And Yo La Tengo stick to what works after twenty years of indie-rocking, with a Velvet Underground vibe, solid pop tunes, noisy rockers and some wildly engaging jazzy experimentals. They know what they do well, and they do it as well as ever in their tenth album.

They take a bit of a risk in the opening number, "Pass the Hatchet, I Think I'm Goodkind," a sprawling eleven-minute track that noodles through jazzy drums and fuzzy guitars. It sounds like the Velvet Underground having a lazy jam session, until the point where the cycling guitars erupt into a giant riff snarl.

The experimentation diddles around through the rest of the album, but never so strongly as it does in "Pass the Hatchet." They dabble in various other kinds of pop music, sprinkled with country, blippy electropop, retro-sixties, freestyle jazz and sweeping, dreamier numbers, like the ones from their last original album.

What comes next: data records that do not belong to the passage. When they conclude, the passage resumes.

(* Let $n$ be a positive integer and $\lambda$ an infinite cardinal. For every $d$-feebly compact shift-continuous $T_1$-topology $\tau$ on the semilattice $\exp_n\lambda$, the subset $\exp_n\lambda\setminus\exp_{n-1}\lambda$ is dense in $(\exp_n\lambda,\tau)$.
   Context: For a positive integer $n$ and a cardinal $\lambda$, $\exp_n\lambda=\{A\subseteq\lambda\colon |A|\leqslant n\}$, regarded as a semilattice under the operation $\cap$ (so $\exp_0\lambda=\{\varnothing\}$). A topology $\tau$ on a semilattice $S$ is shift-continuous if the semilattice operation $S\times S\to S$ is separately continuous, i.e. $(S,\tau)$ is a semitopological semilattice. A topological space is $d$-feebly compact if every discrete family of open subsets of it is finite. *)

theory Defs
  imports "HOL-Analysis.Analysis"
begin

definition exp_set :: "nat \<Rightarrow> 'a set \<Rightarrow> 'a set set" where
  "exp_set n L = {A. A \<subseteq> L \<and> finite A \<and> card A \<le> n}"

definition shift_continuous :: "'a set topology \<Rightarrow> bool" where
  "shift_continuous X \<longleftrightarrow>
     (\<forall>a\<in>topspace X. continuous_map X X (\<lambda>x. a \<inter> x) \<and> continuous_map X X (\<lambda>x. x \<inter> a))"

definition discrete_family :: "'a topology \<Rightarrow> 'a set set \<Rightarrow> bool" where
  "discrete_family X F \<longleftrightarrow>
     (\<forall>x\<in>topspace X. \<exists>V. openin X V \<and> x \<in> V \<and>
        (\<forall>U\<in>F. \<forall>W\<in>F. U \<inter> V \<noteq> {} \<and> W \<inter> V \<noteq> {} \<longrightarrow> U = W))"

definition d_feebly_compact :: "'a topology \<Rightarrow> bool" where
  "d_feebly_compact X \<longleftrightarrow>
     (\<forall>F. (\<forall>U\<in>F. openin X U) \<and> discrete_family X F \<longrightarrow> finite F)"

end

theory Submission
  imports Defs "HOL-Library.Nat_Bijection"
begin

text \<open>
  For a finite point a, the preimage under y \<mapsto> y \<inter> a of the complement of the finite, hence
  closed, set of proper subsets of a is an open neighbourhood of a consisting of supersets of a.
  Consequently a point of maximal cardinality in an open set is isolated; in particular every
  point of cardinality n is. If an isolated point x had fewer than n elements, extending x by
  infinitely many pairwise disjoint blocks of fresh elements of L would give infinitely many
  isolated points of cardinality n whose singletons form a discrete family: near x only {x} is
  met, a proper superset p of x has a neighbourhood of supersets of p, all containing a fixed
  element of p - x, and the non-supersets of x form an open set missing all of them. This
  contradicts d-feeble compactness, so every nonempty open set contains a point of cardinality n.
\<close>

lemma exp_set_iff: "A \<in> exp_set n L \<longleftrightarrow> A \<subseteq> L \<and> finite A \<and> card A \<le> n"
  by (simp add: exp_set_def)

lemma infinite_disjoint_blocks:
  assumes "infinite S"
  obtains B :: "nat \<Rightarrow> 'a set"
  where "\<And>i. B i \<subseteq> S" "\<And>i. finite (B i)" "\<And>i. card (B i) = m" "disjoint_family B"
proof -
  obtain f :: "nat \<Rightarrow> 'a" where "inj f" "range f \<subseteq> S"
    using assms infinite_countable_subset by blast
  define g where "g = f \<circ> prod_encode"
  have g: "inj g" "range g \<subseteq> S"
    using \<open>inj f\<close> \<open>range f \<subseteq> S\<close> inj_prod_encode[of UNIV] by (auto simp: g_def inj_compose)
  show thesis
  proof
    fix i j :: nat
    show "g ` ({i} \<times> {..<m}) \<subseteq> S" using g by auto
    show "finite (g ` ({i} \<times> {..<m}))" by simp
    show "card (g ` ({i} \<times> {..<m})) = m"
      using g by (simp add: card_image inj_on_subset card_cartesian_product)
    show "disjoint_family (\<lambda>i. g ` ({i} \<times> {..<m}))"
      using g by (auto simp: disjoint_family_on_def image_Int[symmetric])
  qed
qed

lemma openin_supersets_nbhd:
  assumes "t1_space X" "shift_continuous X" "a \<in> topspace X" "finite a"
  obtains V where "openin X V" "a \<in> V" "\<And>y. y \<in> V \<Longrightarrow> a \<subseteq> y"
proof -
  define D where "D = {y \<in> topspace X. y \<subseteq> a} - {a}"
  have "finite D"
    unfolding D_def using \<open>finite a\<close> by (auto intro: finite_subset[of _ "Pow a"])
  then have "closedin X D"
    using \<open>t1_space X\<close> unfolding t1_space_closedin_finite D_def by auto
  then have "openin X (topspace X - D)"
    by auto
  moreover have "continuous_map X X (\<lambda>y. y \<inter> a)"
    using assms unfolding shift_continuous_def by auto
  ultimately have "openin X {y \<in> topspace X. y \<inter> a \<in> topspace X - D}"
    by (rule openin_continuous_map_preimage[rotated])
  moreover have "a \<in> {y \<in> topspace X. y \<inter> a \<in> topspace X - D}"
    using assms(3) by (auto simp: D_def)
  ultimately show thesis
    by (rule that) (auto simp: D_def)
qed

lemma openin_not_supersets:
  assumes "t1_space X" "shift_continuous X" "a \<in> topspace X"
  shows "openin X {y \<in> topspace X. \<not> a \<subseteq> y}"
proof -
  have "continuous_map X X (\<lambda>y. y \<inter> a)"
    using assms unfolding shift_continuous_def by auto
  then have "closedin X {y \<in> topspace X. y \<inter> a \<in> {a}}"
    using closedin_t1_singleton[OF assms(1,3)] by (rule closedin_continuous_map_preimage)
  then have "openin X (topspace X - {y \<in> topspace X. y \<inter> a \<in> {a}})"
    by auto
  moreover have "topspace X - {y \<in> topspace X. y \<inter> a \<in> {a}} = {y \<in> topspace X. \<not> a \<subseteq> y}"
    by auto
  ultimately show ?thesis by simp
qed

lemma openin_singleton_of_card_maximal:
  assumes "t1_space X" "shift_continuous X" "openin X T" "z \<in> T"
    and finite: "\<And>y. y \<in> topspace X \<Longrightarrow> finite y"
    and maximal: "\<And>y. y \<in> T \<Longrightarrow> card y \<le> card z"
  shows "openin X {z}"
proof -
  have "z \<in> topspace X"
    using assms(3,4) openin_subset by blast
  then obtain V where V: "openin X V" "z \<in> V" "\<And>y. y \<in> V \<Longrightarrow> z \<subseteq> y"
    using openin_supersets_nbhd assms(1,2) finite by metis
  have "T \<inter> V = {z}"
  proof (intro equalityI subsetI)
    fix y assume y: "y \<in> T \<inter> V"
    then have "finite y"
      using finite openin_subset[OF assms(3)] by blast
    with y V(3) maximal show "y \<in> {z}"
      by (metis IntD1 IntD2 card_seteq singletonI)
  qed (use V assms(4) in auto)
  then show ?thesis
    using assms(3) V(1) by (metis openin_Int)
qed

lemma openin_singleton_of_card_eq:
  assumes "topspace X = exp_set n L" "t1_space X" "shift_continuous X"
    and "z \<in> topspace X" "card z = n"
  shows "openin X {z}"
  by (rule openin_singleton_of_card_maximal[OF assms(2,3) openin_topspace assms(4)])
    (use assms(1,5) in \<open>auto simp: exp_set_iff\<close>)

lemma discrete_family_disjoint_extensions:
  assumes "t1_space X" "shift_continuous X"
    and finite: "\<And>y. y \<in> topspace X \<Longrightarrow> finite y"
    and "x \<in> topspace X" "openin X {x}"
    and M: "\<And>i. M i \<in> topspace X" "\<And>i. x \<subset> M i"
    and disjoint: "disjoint_family (\<lambda>i. M i - x)"
  shows "discrete_family X (range (\<lambda>i. {M i}))"
  unfolding discrete_family_def
proof
  fix p assume p: "p \<in> topspace X"
  let ?meets_one = "\<lambda>V. \<forall>U\<in>range (\<lambda>i. {M i}). \<forall>W\<in>range (\<lambda>i. {M i}).
                          U \<inter> V \<noteq> {} \<and> W \<inter> V \<noteq> {} \<longrightarrow> U = W"
  consider "p = x" | "x \<subset> p" | "\<not> x \<subseteq> p" by blast
  then show "\<exists>V. openin X V \<and> p \<in> V \<and> ?meets_one V"
  proof cases
    case 1
    have "{M i} \<inter> {x} = {}" for i using M(2) by auto
    then have "?meets_one {x}" by auto
    then show ?thesis using 1 assms(5) by blast
  next
    case 2
    then obtain c where c: "c \<in> p" "c \<notin> x" by blast
    obtain V where V: "openin X V" "p \<in> V" "\<And>y. y \<in> V \<Longrightarrow> p \<subseteq> y"
      using openin_supersets_nbhd assms(1,2) p finite by metis
    have "?meets_one V"
    proof (intro ballI impI)
      fix U W assume "U \<in> range (\<lambda>i. {M i})" "W \<in> range (\<lambda>i. {M i})"
        and meet: "U \<inter> V \<noteq> {} \<and> W \<inter> V \<noteq> {}"
      then obtain i j where ij: "U = {M i}" "W = {M j}" by auto
      then have "c \<in> M i - x" "c \<in> M j - x"
        using meet V(3) c by auto
      then have "i = j" using disjoint by (auto simp: disjoint_family_on_def)
      then show "U = W" using ij by simp
    qed
    then show ?thesis using V by blast
  next
    case 3
    have "{M i} \<inter> {y \<in> topspace X. \<not> x \<subseteq> y} = {}" for i using M(2) by auto
    then have "?meets_one {y \<in> topspace X. \<not> x \<subseteq> y}" by auto
    then show ?thesis
      using openin_not_supersets[OF assms(1,2,4)] p 3 by blast
  qed
qed

lemma isolated_point_card_eq:
  assumes "topspace X = exp_set n L" "infinite L" "t1_space X" "shift_continuous X"
    and "d_feebly_compact X" "x \<in> topspace X" "openin X {x}"
  shows "card x = n"
proof (rule ccontr)
  assume "card x \<noteq> n"
  have x: "x \<subseteq> L" "finite x" "card x < n"
    using assms(1,6) \<open>card x \<noteq> n\<close> by (auto simp: exp_set_iff)
  have finite: "\<And>y. y \<in> topspace X \<Longrightarrow> finite y"
    using assms(1) by (simp add: exp_set_iff)
  have "infinite (L - x)"
    using assms(2) x(2) by simp
  obtain B where B: "\<And>i::nat. B i \<subseteq> L - x" "\<And>i. finite (B i)" "\<And>i. card (B i) = n - card x"
    and disjoint: "disjoint_family B"
    using infinite_disjoint_blocks[OF \<open>infinite (L - x)\<close>] by blast
  define M where "M i = x \<union> B i" for i
  have card_M: "card (M i) = n" for i
  proof -
    have "x \<inter> B i = {}" using B(1) by blast
    then show ?thesis
      using card_Un_disjoint[OF x(2) B(2)] B(3) x(3) by (simp add: M_def)
  qed
  have M_x: "M i - x = B i" for i
    using B(1) by (auto simp: M_def)
  have M_in: "M i \<in> topspace X" for i
  proof -
    have "M i \<subseteq> L" "finite (M i)"
      using B(1,2) x(1,2) by (auto simp: M_def)
    then show ?thesis
      using card_M assms(1) by (simp add: exp_set_iff)
  qed
  have proper: "x \<subset> M i" for i
    using card_M[of i] x(3) by (auto simp: M_def)
  have "disjoint_family (\<lambda>i. M i - x)"
    using disjoint by (simp add: M_x)
  with assms(3,4) finite assms(6,7) M_in proper
  have "discrete_family X (range (\<lambda>i. {M i}))"
    by (rule discrete_family_disjoint_extensions)
  moreover have "\<forall>U\<in>range (\<lambda>i. {M i}). openin X U"
    using openin_singleton_of_card_eq[OF assms(1,3,4) M_in card_M] by auto
  moreover have "inj (\<lambda>i. {M i})"
  proof
    fix i j assume "{M i} = {M j}"
    then have "B i = B j" using M_x by (metis singleton_inject)
    moreover have "B i \<noteq> {}"
      using B(3) x(3) by (metis card.empty zero_less_diff less_irrefl)
    ultimately show "i = j" using disjoint by (auto simp: disjoint_family_on_def)
  qed
  then have "infinite (range (\<lambda>i. {M i}))"
    using finite_imageD infinite_UNIV_nat by blast
  ultimately show False
    using assms(5) unfolding d_feebly_compact_def by blast
qed

theorem proposition2:
  fixes n :: nat and L :: "'a set" and X :: "'a set topology"
  assumes "n \<ge> 1"
    and "infinite L"
    and "topspace X = exp_set n L"
    and "t1_space X"
    and "shift_continuous X"
    and "d_feebly_compact X"
  shows "X closure_of (exp_set n L - exp_set (n - 1) L) = topspace X"
proof -
  have "\<exists>z\<in>T. z \<in> exp_set n L - exp_set (n - 1) L" if "openin X T" "x \<in> T" for T x
  proof -
    have finite: "\<And>y. y \<in> topspace X \<Longrightarrow> finite y"
      using assms(3) by (simp add: exp_set_iff)
    have "\<forall>y. y \<in> T \<longrightarrow> card y < Suc n"
      using openin_subset[OF \<open>openin X T\<close>] assms(3) by (auto simp: exp_set_iff)
    then obtain z where z: "z \<in> T" "\<And>y. y \<in> T \<Longrightarrow> card y \<le> card z"
      using ex_has_greatest_nat[of "\<lambda>y. y \<in> T" x card] \<open>x \<in> T\<close> by blast
    have "z \<in> topspace X"
      using z(1) openin_subset[OF \<open>openin X T\<close>] by blast
    moreover have "openin X {z}"
      using openin_singleton_of_card_maximal[OF assms(4,5) \<open>openin X T\<close> z(1) finite z(2)] .
    ultimately have "card z = n"
      by (rule isolated_point_card_eq[OF assms(3,2,4,5,6)])
    moreover have "z \<in> exp_set n L"
      using \<open>z \<in> topspace X\<close> assms(3) by simp
    ultimately have "z \<in> exp_set n L - exp_set (n - 1) L"
      using assms(1) by (simp add: exp_set_iff)
    with z(1) show ?thesis ..
  qed
  then show ?thesis
    by (auto simp: closure_of_def)
qed

end
(* For every real number $\gamma>0$ there exists an approval-based committee election instance $(N,C,\mathbf{A},k)$ (with at least one cohesive group) whose maximum JR degree $c^\ast_{\mathrm{JR}}$ and maximum EJR degree $c^\ast_{\mathrm{EJR}}$ satisfy all of the following: (1) $c^\ast_{\mathrm{JR}}/c^\ast_{\mathrm{EJR}}>\gamma$; (2) every committee $W\subseteq C$ with $|W|=k$ whose EJR degree equals $c^\ast_{\mathrm{EJR}}$ has JR degree at most $c^\ast_{\mathrm{JR}}/\gamma$; (3) every committee $W\subseteq C$ with $|W|=k$ whose JR degree equals $c^\ast_{\mathrm{JR}}$ has EJR degree at most $c^\ast_{\mathrm{EJR}}/\gamma$.
   Context: An instance consists of a set of voters $N=\{1,\dots,n\}$, a set of candidates $C$, approval ballots $\mathbf{A}=(A_1,\dots,A_n)$ with $A_i\subseteq C$, and a committee size $k$ with $1\le k\le |C|$. For $\ell\in\mathbb{N}$, a set $N'\subseteq N$ is an $\ell$-cohesive group if $|N'|\ge \ell\cdot n/k$ and $|\bigcap_{i\in N'}A_i|\ge \ell$; a $1$-cohesive group is called a cohesive group. A committee $W\subseteq C$ with $|W|=k$ achieves JR degree $c$ if every cohesive group contains at least $c$ voters $i$ with $|A_i\cap W|\ge 1$; the JR degree of $W$ is the largest such $c$. $W$ achieves EJR degree $c$ if for every $\ell\in\{1,\dots,k\}$ every $\ell$-cohesive group contains at least $c$ voters $i$ with $|A_i\cap W|\ge \ell$; the EJR degree of $W$ is the largest such $c$. The maximum JR (resp. EJR) degree of an instance is the maximum of the JR (resp. EJR) degree over all size-$k$ committees. Only instances with at least one cohesive group are considered. *)

theory Defs
  imports Main "HOL-Library.Disjoint_Sets" Complex_Main
begin

definition valid_instance :: "nat \<Rightarrow> 'a set \<Rightarrow> (nat \<Rightarrow> 'a set) \<Rightarrow> nat \<Rightarrow> bool" where
  "valid_instance n C A k \<longleftrightarrow> n \<ge> 1 \<and> finite C \<and> (\<forall>i<n. A i \<subseteq> C) \<and> 1 \<le> k \<and> k \<le> card C"

definition cohesive :: "nat \<Rightarrow> (nat \<Rightarrow> 'a set) \<Rightarrow> nat \<Rightarrow> nat \<Rightarrow> nat set \<Rightarrow> bool" where
  "cohesive n A k l G \<longleftrightarrow> G \<subseteq> {..<n} \<and> real (card G) \<ge> real l * real n / real k
     \<and> card (\<Inter>i\<in>G. A i) \<ge> l"

definition committee :: "'a set \<Rightarrow> nat \<Rightarrow> 'a set \<Rightarrow> bool" where
  "committee C k W \<longleftrightarrow> W \<subseteq> C \<and> card W = k"
(* Let $K=\mathbb{F}_2(t)$ and let $\omega=t$ or $\omega=t^{-1}$. Then \[\widehat{f_\omega H_\omega}(s;\mathbbm{1})=\frac12\cdot\frac{1-2^{-s}}{1-2^{1-s}},\quad\operatorname{Re}(s)>1.\]
   Context: $K_\omega$ is the completion of $K$ at $\omega$ ($K_t=\mathbb{F}_2((t))$, $K_{t^{-1}}=\mathbb{F}_2((t^{-1}))$), $\mathcal{O}_\omega$ its ring of integers, $\mathrm{d}y$ the Haar measure with $\mathcal{O}_\omega$ of volume $1$, $|y|_\omega=2^{-v_\omega(y)}$, $H_\omega(y)=\max\{1,|y|_\omega\}$. $f_\omega(y)=1$ if the conic $x_0^2+x_0x_1+yx_1^2=tx_2^2$ has a $K_\omega$-point and $0$ otherwise; $\widehat{f_\omega H_\omega}(s;\mathbbm{1})=\int_{K_\omega}f_\omega(y)H_\omega(y)^{-s}\,\mathrm{d}y$. *)

theory Defs
  imports "HOL-Probability.Probability" "HOL-Library.Z2"
    "HOL-Computational_Algebra.Formal_Laurent_Series"
begin

text \<open>The field F_2 is the library type bit. Both completions K_t = F_2((t)) and
K_{t^-1} = F_2((t^-1)) are modelled as the field of formal Laurent series bit fls
in the local uniformizer u (u = t, resp. u = t^-1). The only place-dependent datum
is the element t of K itself: t = u for omega = t, and t = u^-1 for omega = t^-1.\<close>

type_synonym Kw = "bit fls"

datatype place = Place_t | Place_t_inv

definition t_in :: "place \<Rightarrow> Kw" where
  "t_in w = (case w of Place_t \<Rightarrow> fls_X | Place_t_inv \<Rightarrow> fls_X_inv)"

definition absw :: "Kw \<Rightarrow> real" where
  "absw y = (if y = 0 then 0 else 2 powr (- real_of_int (fls_subdegree y)))"

definition Hw :: "Kw \<Rightarrow> real" where
  "Hw y = max 1 (absw y)"

definition conic_has_point :: "place \<Rightarrow> Kw \<Rightarrow> bool" where
  "conic_has_point w y \<longleftrightarrow> (\<exists>x0 x1 x2 :: Kw. (x0, x1, x2) \<noteq> (0, 0, 0) \<and>
      x0^2 + x0 * x1 + y * x1^2 = t_in w * x2^2)"

definition fw :: "place \<Rightarrow> Kw \<Rightarrow> real" where
  "fw w y = (if conic_has_point w y then 1 else 0)"

text \<open>The ring u^(-n) O is parametrised by coefficient sequences a : nat => bit via
a |-> u^(-n) * sum_i a_i u^i; with fair coin measure on the coefficients this gives
Haar measure of u^(-n) O normalised to total mass 1, so rescaling by 2^n gives
the Haar measure with vol(O) = 1 restricted to u^(-n) O.\<close>
definition Kw_space :: "Kw measure" where
  "Kw_space = sigma UNIV {{x. fls_nth x i = b} | i b. True}"

definition coin :: "(nat \<Rightarrow> bit) measure" where
  "coin = PiM UNIV (\<lambda>_. measure_pmf (pmf_of_set (UNIV :: bit set)))"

The highlight is "Beanbag Chair," which is one of those instantly lovable pop songs -- jaunty piano, blasts of horn, mischievous lyrics, and daydreaming vocals. If you ever heard Yo La Tengo on the radio, this would be their big, big single.

Yo La Tengo have diddled around with all kinds of sounds for the past two decades, usually with lots of success. Just so long as they don't try freestyle harmonica or classical bagpipes, there's no reason to think that they won't continue to succeed at their experimentation.

But they give their music some fresh new twists this time around -- they include silky string arrangements by David Mansfield, lots more piano, and more horns than they were using in "Summer Sun," courtesy of drummer Georgia Hubley. It feels peppy, fun and energized, like these guys were enjoying themselves just making every song.

Frontman Ira Kaplan shows his range in these songs, crooning "You can never sleep enough/and your alarm is going off/you wake up and you can't pretend/the dream is just a dream again," in a smooth voice. He's joined by bassist James McNew's falsetto in "Mr. Tough," which is a bit of a shock for awhile, but which works out all right.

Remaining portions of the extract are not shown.